Jacobs’ desire to see her children dead instead of having them controlled by her enslaver seems similar to what motivated Margaret Garner, the woman who inspired the plot of Toni Morrison’s Beloved, to murder her own daughter instead of seeing her return to slavery. This sentiment is repeated a couple paragraphs later when Dr. Flint throws Jacobs’ son across the room. For a moment, she thinks her son is dead, but when he does open his eyes, she writes, “I don’t know whether I was very happy.”

Jacobs feeling that it would be better for her child to die than to continue living in slavery offers a parallel between Jacobs, Margaret Garner and Morrison’s Beloved. Furthermore, Jacobs’ reference to being “broken in,” or the idea of a mother being forced to observe the abuse of her children so regularly that she eventually accepts it, offers insight into something Frederick Douglass wrote. As he describes the first place where he lived, Douglass indicates that there was little to hold him there because his familial connections were disrupted by the business of slavery.
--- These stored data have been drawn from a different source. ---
lemma ip_diff_flip_fz_eq_0:
  assumes "balanced_pm_half n' f" "z \<in> cube B" "w \<in> cube B" "z \<noteq> w" "i < 2 * B * n'"
  shows "ip (2 * B * n') (diff_flip i (fz B n' f z)) (diff_flip i (fz B n' f w)) = 0"
proof -
  obtain l where "l < B" "z ! l \<noteq> w ! l"
    using assms(2-4) nth_equalityI[of z w] by (auto simp: cube_def)
  \<comment> \<open>one of the two blocks of pair l is untouched by the flip and separates z from w\<close>
  obtain k where k: "k < 2 * B" "k \<noteq> i div n'" "k div 2 = l"
  proof (cases "2 * l = i div n'")
    case True
    then show ?thesis using that[of "Suc (2 * l)"] \<open>l < B\<close> by auto
  next
    case False
    then show ?thesis using that[of "2 * l"] \<open>l < B\<close> by auto
  qed
  define G where "G u = (fz_factor f u)(i div n' := diff_flip (i mod n') (fz_factor f u (i div n')))"
    for u
  have product: "\<And>u x. x \<in> cube (2 * B * n') \<Longrightarrow>
      diff_flip i (fz B n' f u) x = (\<Prod>k<2 * B. G u k (block n' k x))"
    unfolding G_def using assms(5) by (intro diff_flip_block_product fz_block_product)
  have "ip (2 * B * n') (diff_flip i (fz B n' f z)) (diff_flip i (fz B n' f w))
      = (\<Prod>k<2 * B. ip n' (G z k) (G w k))"
    by (intro ip_block_product product)
  also have "\<dots> = 0"
    using k ip_fz_factor_eq_0[OF assms(1), of z k w] \<open>z ! l \<noteq> w ! l\<close>
    by (auto simp: G_def prod_zero_iff)
  finally show ?thesis .
qed

lemma sqnorm_fz_pos:
  assumes "balanced_pm_half n' f"
  shows "sqnorm (2 * B * n') (fz B n' f z) > 0"
  by (simp add: sqnorm_block_product[of "2 * B" n' _ "fz_factor f z", OF fz_block_product]
      sqnorm_fz_factor_pos[OF assms] prod_pos)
Of his siblings, he writes, “the early separation of us from our mother had well nigh blotted the fact of our relationship from our memories.” Much like the daily experience of slavery results in Jacobs observation of mothers who’ve been traumatized to the point that they express little, as they watch their children being beaten, disruption of families during slavery severed the basic ties between relatives, resulting in situations like the one Douglass described.